= Flanagan (model) =

British model and actress (born 1941)

Maureen Flanagan (born 1941), best known by her stage name, Flanagan, was an early tabloid model.

She was encouraged to take up a career in modelling by photographer Don McCullin, who took her first modelling shots. She had an acting career in the late 1960s and early 1970s, mainly in bit parts on The Benny Hill Show, Monty Python's Flying Circus, and several British sex comedies. She also played the lead role in the Danish film The Loves of Cynthia (a.k.a. Cynthia’s Sister) in 1971.

After her acting career ended, Flanagan remained in the public eye, owing to her association with the Kray Twins and her efforts to secure their release. Her involvement with the Kray family went back to her time as hairdresser for the twins' mother Violet. She also wrote the book Intimate Secrets of an Escort Girl (Everest books, 1974). The book was serialized in the magazine Tit-Bits, accompanied by a blurb which said “Britain’s most photographed model lays bare the facts of her working life in the sauciest story of the year.” Her memoir, One of the Family, was published in 2015.

In 1997, Flanagan made a one-off return to nude modeling as a mature woman, posing fully nude in the magazine Men's World. In the accompanying interview she said her second husband had recently died after a heart transplant operation, and that she was busy raising a 16-year-old son.

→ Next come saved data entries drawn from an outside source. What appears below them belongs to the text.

lemma sum_moebius_mu_inv_square_sum_floor:
  assumes "D \<ge> 1"
  shows "(\<Sum>d=1..nat \<lfloor>D\<rfloor>. moebius_mu d / (real d)\<^sup>2 * inv_square_sum (nat \<lfloor>D / real d\<rfloor>)) = 1"
proof -
  have "(\<Sum>d=1..nat \<lfloor>D\<rfloor>. moebius_mu d * (1 / (real d)\<^sup>2) * inv_square_sum (nat \<lfloor>D\<rfloor> div d))
      = 1 / (real 1)\<^sup>2"
    unfolding inv_square_sum_def using assms
    by (intro sum_moebius_mu_partial_sums) (simp_all add: power_mult_distrib le_nat_floor)
  then show ?thesis
    using assms by (simp add: nat_floor_divide_of_nat)
qed

lemma sum_squarefree_inv_sqrt_approx:
  fixes t :: real
  assumes "t \<ge> 1"
  defines "K \<equiv> nat \<lfloor>sqrt t\<rfloor>"
  shows "\<bar>(\<Sum>k=1..nat \<lfloor>t\<rfloor>. (if squarefree k then 1 else 0) / sqrt (real k))
            - (2 * sqrt t * (\<Sum>d=1..K. moebius_mu d / (real d)\<^sup>2)
               + zeta_half * (\<Sum>d=1..K. moebius_mu d / real d))\<bar>
         \<le> (17/25) / sqrt t * card {d \<in> {1..K}. squarefree d}"
proof -
  define h where "h d = inv_sqrt_sum (nat \<lfloor>t / (real d)\<^sup>2\<rfloor>) - 2 * (sqrt t / real d) - zeta_half" for d
  have "(\<Sum>k=1..nat \<lfloor>t\<rfloor>. (if squarefree k then 1 else 0) / sqrt (real k))
            - (2 * sqrt t * (\<Sum>d=1..K. moebius_mu d / (real d)\<^sup>2)
               + zeta_half * (\<Sum>d=1..K. moebius_mu d / real d))
      = (\<Sum>d=1..K. moebius_mu d * (h d / real d))"
  proof -
    have "(\<Sum>k=1..nat \<lfloor>t\<rfloor>. (if squarefree k then 1 else 0) / sqrt (real k))
        = (\<Sum>d=1..K. moebius_mu d / real d * inv_sqrt_sum (nat \<lfloor>t / (real d)\<^sup>2\<rfloor>))"
      unfolding K_def by (rule sum_squarefree_inv_sqrt_eq) (use assms in simp)
    also have "\<dots> = (\<Sum>d=1..K. 2 * sqrt t * (moebius_mu d / (real d)\<^sup>2)
                             + zeta_half * (moebius_mu d / real d) + moebius_mu d * (h d / real d))"
      by (intro sum.cong refl) (simp add: h_def field_simps power2_eq_square)
    finally show ?thesis
      by (simp add: sum.distrib sum_distrib_left)
  qed
  also have "\<bar>\<dots>\<bar> \<le> (17/25) / sqrt t * card {d \<in> {1..K}. squarefree d}"
  proof (rule abs_sum_moebius_mu_le)
    fix d assume d: "d \<in> {1..K}"
    then have "d \<le> nat \<lfloor>sqrt t\<rfloor>"
      by (simp add: K_def)
    then have "real d \<le> sqrt t"
      using real_sqrt_ge_zero[of t] assms(1) by linarith
    then have "(real d)\<^sup>2 \<le> t"
      using power_mono[of "real d" "sqrt t" 2] assms(1) by simp
    then have "1 \<le> t / (real d)\<^sup>2" "sqrt (t / (real d)\<^sup>2) = sqrt t / real d"
      using d by (simp_all add: real_sqrt_divide)
    then have "\<bar>h d\<bar> \<le> (17/25) / (sqrt t / real d)"
      using zeta_half_remainder_bound[of "t / (real d)\<^sup>2"] by (simp add: h_def)
    then show "\<bar>h d / real d\<bar> \<le> (17/25) / sqrt t"
      using d by (simp add: field_simps)
  qed
  finally show ?thesis .
qed

lemma sum_moebius_mu_div_square_approx:
  fixes D :: real
  assumes "D \<ge> 1"
  defines "K \<equiv> nat \<lfloor>D\<rfloor>"
  shows "\<bar>pi\<^sup>2 / 6 * (\<Sum>d=1..K. moebius_mu d / (real d)\<^sup>2) - 1
            - (\<Sum>d=1..K. moebius_mu d / real d) / D\<bar>
         \<le> (2/3) / D\<^sup>2 * card {d \<in> {1..K}. squarefree d}"
proof -
  define \<tau> where "\<tau> d = pi\<^sup>2 / 6 - 1 / (D / real d) - inv_square_sum (nat \<lfloor>D / real d\<rfloor>)" for d
  have "pi\<^sup>2 / 6 * (\<Sum>d=1..K. moebius_mu d / (real d)\<^sup>2) - 1
            - (\<Sum>d=1..K. moebius_mu d / real d) / D
      = (\<Sum>d=1..K. moebius_mu d * (\<tau> d / (real d)\<^sup>2))"
  proof -
    have "1 = (\<Sum>d=1..K. moebius_mu d / (real d)\<^sup>2 * inv_square_sum (nat \<lfloor>D / real d\<rfloor>))"
      using sum_moebius_mu_inv_square_sum_floor[OF assms(1)] by (simp add: K_def)
    also have "\<dots> = (\<Sum>d=1..K. pi\<^sup>2 / 6 * (moebius_mu d / (real d)\<^sup>2)
                             - (moebius_mu d / real d) / D - moebius_mu d * (\<tau> d / (real d)\<^sup>2))"
      using assms by (intro sum.cong refl) (simp add: \<tau>_def field_simps power2_eq_square)
    finally show ?thesis
      by (simp add: sum_subtractf sum_distrib_left sum_divide_distrib)
  qed
  also have "\<bar>\<dots>\<bar> \<le> (2/3) / D\<^sup>2 * card {d \<in> {1..K}. squarefree d}"
  proof (rule abs_sum_moebius_mu_le)
    fix d assume d: "d \<in> {1..K}"
    then have "d \<le> nat \<lfloor>D\<rfloor>"
      by (simp add: K_def)
    then have "1 \<le> D / real d"
      using assms d by (simp add: le_divide_eq) linarith
    then have "\<bar>\<tau> d\<bar> \<le> (2/3) / (D / real d)\<^sup>2"
      using basel_remainder_bound[of "D / real d"] by (simp add: \<tau>_def)
    then show "\<bar>\<tau> d / (real d)\<^sup>2\<bar> \<le> (2/3) / D\<^sup>2"
      using d by (simp add: field_simps power2_eq_square)
  qed
  finally show ?thesis .
qed

lemma squarefree_sum_error_le:
  fixes D M Q :: real
  assumes "D \<ge> 100" "\<bar>M\<bar> \<le> 1" "0 \<le> Q" "Q \<le> (3 * D + 3) / 4"
  shows "(12 / pi\<^sup>2 + zeta_half) * M + (8 / pi\<^sup>2 + 17/25) * (Q / D) \<le> 1.44"
proof -
  have "\<bar>12 / pi\<^sup>2 + zeta_half\<bar> \<le> 3/10"
    using twelve_div_pi_squared_bounds zeta_half_numeric_bounds unfolding abs_le_iff by auto
  then have "\<bar>12 / pi\<^sup>2 + zeta_half\<bar> * \<bar>M\<bar> \<le> 3/10 * 1"
    using assms(2) by (intro mult_mono) auto
  then have "(12 / pi\<^sup>2 + zeta_half) * M \<le> 3/10"
    using abs_ge_self[of "(12 / pi\<^sup>2 + zeta_half) * M"] by (simp add: abs_mult)
  moreover have "(8 / pi\<^sup>2 + 17/25) * (Q / D) \<le> (2/3 * 1.22 + 17/25) * 0.7575"
  proof (rule mult_mono)
    show "8 / pi\<^sup>2 + 17/25 \<le> 2/3 * 1.22 + 17/25"
      using twelve_div_pi_squared_bounds(2) by (simp add: field_simps)
    show "Q / D \<le> 0.7575"
      using assms(1,4) by (simp add: divide_le_eq)
  qed (use assms in simp_all)
  ultimately have "(12 / pi\<^sup>2 + zeta_half) * M + (8 / pi\<^sup>2 + 17/25) * (Q / D)
      \<le> 3/10 + (2/3 * 1.22 + 17/25) * 0.7575"
    by linarith
  also have "\<dots> \<le> 1.44"
    by simp
  finally show ?thesis .
qed

lemma sum_squarefree_inv_sqrt_le:
  fixes t :: real
  assumes "t \<ge> 10^4"
  shows "(\<Sum>k=1..nat \<lfloor>t\<rfloor>. (if squarefree k then 1 else 0) / sqrt (real k))
         \<le> 12 / pi\<^sup>2 * sqrt t + 0.17 * ln t"
proof -
  define D K where "D = sqrt t" and "K = nat \<lfloor>D\<rfloor>"
  define A M Q where "A = (\<Sum>d=1..K. moebius_mu d / (real d)\<^sup>2)"
    and "M = (\<Sum>d=1..K. moebius_mu d / real d)" and "Q = real (card {d \<in> {1..K}. squarefree d})"
  have "D \<ge> 100"
    using real_sqrt_le_mono[OF assms] by (simp add: D_def)
  have "(\<Sum>k=1..nat \<lfloor>t\<rfloor>. (if squarefree k then 1 else 0) / sqrt (real k))
        \<le> 2 * D * A + zeta_half * M + (17/25) / D * Q"
    using sum_squarefree_inv_sqrt_approx[of t] assms by (simp add: D_def K_def A_def M_def Q_def abs_le_iff)
  also have "2 * D * A = 12 / pi\<^sup>2 * D * (pi\<^sup>2 / 6 * A)"
    by simp
  also have "\<dots> \<le> 12 / pi\<^sup>2 * D * (1 + M / D + (2/3) / D\<^sup>2 * Q)"
    using sum_moebius_mu_div_square_approx[of D] \<open>D \<ge> 100\<close>
    by (intro mult_left_mono) (simp_all add: K_def A_def M_def Q_def abs_le_iff)
  also have "\<dots> + zeta_half * M + (17/25) / D * Q
      = 12 / pi\<^sup>2 * D + ((12 / pi\<^sup>2 + zeta_half) * M + (8 / pi\<^sup>2 + 17/25) * (Q / D))"
    using \<open>D \<ge> 100\<close> by (simp add: field_simps power2_eq_square)
  also have "\<dots> \<le> 12 / pi\<^sup>2 * D + 1.44"
  proof -
    have "K \<ge> 1"
      using \<open>D \<ge> 100\<close> by (simp add: K_def le_nat_floor)
    moreover have "Q \<le> (3 * D + 3) / 4"
      using card_squarefree_le[of K] \<open>D \<ge> 100\<close> by (simp add: Q_def K_def) linarith
    ultimately show ?thesis
      using squarefree_sum_error_le[OF \<open>D \<ge> 100\<close>] abs_sum_moebius_mu_div_le_1
      by (simp add: M_def Q_def)
  qed
  also have "1.44 \<le> 0.17 * ln t"
  proof -
    have "13 * ln (2 :: real) = ln (2 ^ 13)"
      using ln_realpow[of 2 13] by simp
    also have "\<dots> \<le> ln t"
      using assms by (subst ln_le_cancel_iff) auto
    finally show ?thesis
      using ln2_ge_two_thirds by simp
  qed
  finally show ?thesis
    by (simp add: D_def)
qed

theorem mainTheorem12:
  fixes x y :: real
  assumes "x > 0" and "y > 0" and "x / y \<ge> 10^4"
  shows "(1 / sqrt x) * (\<Sum>k\<in>{1..nat \<lfloor>x / y\<rfloor>}. (if squarefree k then 1 else 0) / sqrt (real k))
         \<le> 12 / (pi^2 * sqrt y) + 0.17 * ln (x / y) / sqrt x"
proof -
  have "(1 / sqrt x) * (\<Sum>k\<in>{1..nat \<lfloor>x / y\<rfloor>}. (if squarefree k then 1 else 0) / sqrt (real k))
      \<le> (1 / sqrt x) * (12 / pi\<^sup>2 * sqrt (x / y) + 0.17 * ln (x / y))"
    using sum_squarefree_inv_sqrt_le[OF assms(3)] assms(1) by (intro mult_left_mono) auto
  also have "\<dots> = 12 / (pi^2 * sqrt y) + 0.17 * ln (x / y) / sqrt x"
    using assms(1,2) by (simp add: real_sqrt_divide field_simps)
  finally show ?thesis .
qed

end
lemma gvec_torsion_null:
  assumes "length as = k" "hom_ok k \<phi>" "i < k" "is_torsion sc D (as ! i)"
  shows "gvec (as, \<phi>) \<in> null_chains"
proof -
  obtain p where p: "p \<noteq> 0" "op_eval sc D p (as ! i) = 0"
    using assms(4) unfolding is_torsion_def by blast
  define b where "b j = (-1) ^ j * coeff p j" for j
  have "b (degree p) \<noteq> 0"
    using p(1) by (simp add: b_def)
  then obtain \<psi> where \<psi>: "hom_ok k \<psi>"
    and \<phi>: "(\<lambda>e. \<Sum>j\<le>degree p. scM (b j) ((lam_pull i ^^ j) \<psi> e)) = \<phi>"
    using lam_pull_poly_surj[of scM b "degree p", OF M.vector_space_axioms _ assms(2,3)] by blast
  have "(\<lambda>_. 0) \<approx> gvec (as[i := op_eval sc D p (as ! i)], \<psi>)"
    using gvec_scale_entry[OF assms(1) \<psi> assms(3), of 0 0] p(2) by (simp add: chain_equiv_sym)
  also have "\<dots> \<approx> (\<lambda>h. \<Sum>j\<le>degree p. coeff p j * gvec (as[i := (D ^^ j) (as ! i)], \<psi>) h)"
    unfolding op_eval_def by (rule gvec_sum_entry[OF assms(1) \<psi> assms(3)]) simp
  also have "\<dots> \<approx> (\<lambda>h. \<Sum>j\<le>degree p. coeff p j * ((-1) ^ j * gvec (as, (lam_pull i ^^ j) \<psi>) h))"
    by (intro chain_equiv_sum gvec_funpow_D_entry[OF assms(1) \<psi> assms(3)]) simp
  also have "\<dots> = (\<lambda>h. \<Sum>j\<le>degree p. b j * gvec (as, (lam_pull i ^^ j) \<psi>) h)"
    by (simp add: b_def algebra_simps)
  also have "\<dots> \<approx> gvec (as, \<phi>)"
    using gvec_sum_hom[OF assms(1), of "{..degree p}" "\<lambda>j. (lam_pull i ^^ j) \<psi>" b] \<phi> \<psi> assms(3)
    by (simp add: hom_ok_funpow_lam_pull chain_equiv_sym)
  finally show ?thesis
    by (simp add: null_chains_iff chain_equiv_sym)
qed

lemma gvec_update_torsion:
  assumes "length as = k" "hom_ok k \<phi>" "i < k" "is_torsion sc D (a - as ! i)"
  shows "gvec (as[i := a], \<phi>) \<approx> gvec (as, \<phi>)"
proof -
  have "gvec (as[i := a], \<phi>) \<approx> (\<lambda>h. gvec (as[i := as ! i], \<phi>) h + gvec (as[i := a - as ! i], \<phi>) h)"
    using gvec_add_entry[OF assms(1-3), of "as ! i" "a - as ! i"] by simp
  also have "\<dots> \<approx> (\<lambda>h. gvec (as, \<phi>) h + 0)"
    using gvec_torsion_null[of "as[i := a - as ! i]" \<phi> i] assms
    by (intro chain_equiv_add) (simp_all add: null_chains_iff)
  finally show ?thesis
    by simp
qed

lemma gvec_tor_cls_eq:
  assumes "length as = k" "length as' = k" "hom_ok k \<phi>"
    and "map (tor_cls sc D) as = map (tor_cls sc D) as'"
  shows "gvec (as, \<phi>) \<approx> gvec (as', \<phi>)"
proof -
  have "gvec (as, \<phi>) \<approx> gvec (take m as' @ drop m as, \<phi>)" if "m \<le> k" for m
    using that
  proof (induction m)
    case 0
    then show ?case
      by simp
  next
    case (Suc m)
    let ?l = "take m as' @ drop m as"
    have "tor_cls sc D (as' ! m) = tor_cls sc D (as ! m)"
      using assms Suc.prems by (metis Suc_le_lessD nth_map)
    then have "is_torsion sc D (as' ! m - ?l ! m)"
      using assms Suc.prems by (simp add: tor_cls_eq_iff nth_append)
    then have "gvec (?l[m := as' ! m], \<phi>) \<approx> gvec (?l, \<phi>)"
      using assms Suc.prems by (intro gvec_update_torsion) simp_all
    moreover have "?l[m := as' ! m] = take (Suc m) as' @ drop (Suc m) as"
      using assms Suc.prems
      by (simp add: list_update_append take_Suc_conv_app_nth flip: Cons_nth_drop_Suc)
    ultimately show ?case
      using Suc by (metis Suc_leD chain_equiv_sym chain_equiv_trans)
  qed
  from this[of k] show ?thesis
    using assms by simp
qed

end

section \<open>Passing to \<open>A / Tor A\<close>\<close>

lemma hom_ok_add:
  fixes \<phi> \<psi> :: "(nat \<Rightarrow> nat) \<Rightarrow> 'm::monoid_add"
  shows "hom_ok k \<phi> \<Longrightarrow> hom_ok k \<psi> \<Longrightarrow> hom_ok k (\<lambda>e. \<phi> e + \<psi> e)"
  unfolding hom_ok_def by simp

lemma hom_ok_perm_pull:
  assumes "\<sigma> permutes {..<k}" "hom_ok k \<phi>"
  shows "hom_ok k (perm_pull \<sigma> \<phi>)"
  unfolding hom_ok_def perm_pull_def
proof (intro allI impI)
  fix e :: "nat \<Rightarrow> nat"
  assume "\<exists>j\<ge>k. e j \<noteq> 0"
  then obtain j where j: "j \<ge> k" "e j \<noteq> 0"
    by blast
  then have "inv \<sigma> j = j"
    by (intro permutes_not_in[OF permutes_inv[OF assms(1)]]) simp
  then show "\<phi> (e \<circ> inv \<sigma>) = 0"
    using assms(2) j unfolding hom_ok_def by (metis comp_apply)
qed

lemma map_perm_list:
  assumes "\<sigma> permutes {..<k}" "length as = k"
  shows "map f (perm_list k \<sigma> as) = perm_list k \<sigma> (map f as)"
  using assms permutes_in_image[OF assms(1)] by (auto simp: perm_list_def)

context chain_space
begin

abbreviation tc :: "'a \<Rightarrow> 'a set" where
  "tc \<equiv> tor_cls sc D"

abbreviation bar_null_chains where
  "bar_null_chains \<equiv> chain_span k (range tc) (bar_add sc D) (bar_scale sc D) (bar_D sc D) scM"

lemma map_tc_inv: "set bs \<subseteq> range tc \<Longrightarrow> map (tc \<circ> inv tc) bs = bs"
  by (induction bs) (simp_all add: f_inv_into_f)

lemma chain_rels_supp:
  assumes "r \<in> chain_rels k UNIV (+) sc D scM"
  shows "finite (supp r) \<and> supp r \<subseteq> gen_dom k UNIV"
proof -
  obtain G where "finite G" "G \<subseteq> gen_dom k UNIV" "supp r \<subseteq> G"
    using assms
  proof cases
    case (add_left as \<phi> i x y)
    then show ?thesis
      by (intro that[of "{(as[i := x + y], \<phi>), (as[i := x], \<phi>), (as[i := y], \<phi>)}"])
        (auto simp: gvec_def gen_dom_def)
  next
    case (scale_left as \<phi> i x c)
    then show ?thesis
      by (intro that[of "{(as[i := sc c x], \<phi>), (as[i := x], \<phi>)}"]) (auto simp: gvec_def gen_dom_def)
  next
    case (add_right as \<phi> \<psi>)
    then show ?thesis
      by (intro that[of "{(as, \<lambda>e. \<phi> e + \<psi> e), (as, \<phi>), (as, \<psi>)}"])
        (auto simp: gvec_def gen_dom_def hom_ok_add)
  next
    case (scale_right as \<phi> c)
    then show ?thesis
      by (intro that[of "{(as, \<lambda>e. scM c (\<phi> e)), (as, \<phi>)}"])
        (auto simp: gvec_def gen_dom_def hom_ok_scale)
  next
    case (C1 as \<phi> i)
    then show ?thesis
      by (intro that[of "{(as[i := D (as ! i)], \<phi>), (as, lam_pull i \<phi>)}"])
        (auto simp: gvec_def gen_dom_def hom_ok_lam_pull)
  next
    case (C2 as \<phi> \<sigma>)
    then show ?thesis
      by (intro that[of "{(perm_list k \<sigma> as, perm_pull \<sigma> \<phi>), (as, \<phi>)}"])
        (auto simp: gvec_def gen_dom_def hom_ok_perm_pull perm_list_def)
  qed
  then show ?thesis
    by (auto intro: finite_subset)
qed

Maureen continues living in the heart of the East End, she is frequently interviewed for documentary's on London gangsters due to her association with The Kray twins. She is also the grandmother of five girls, one including the model and documentarian Madison Cox.

In December 2024, Maureen was joined by eldest granddaughter Scarlett and second eldest Madison at Buckingham Palace to accept her MBE for her outstanding charity work for her local council of Hackney.

==Acting roles==
- Monty Python's Flying Circus (TV, 1969, 1970)
- Groupie Girl (1970)
- The Love Pill (1971)
- The Loves of Cynthia (1971)
- The Love Box (1972)
- Dracula AD 1972 (1972)
- The Benny Hill Show (TV, 1972)
- Zodiac (TV, 1974)
- On the Game (1974)

==Magazine covers==
- King (1972) Issue 2
- Rex (1971) Vol.1 Issue. 29 “Sex and the Single Actress”
- Titbits (October 1974) Issue. 4625 "Flanagan's Secrets of an Escort Girl"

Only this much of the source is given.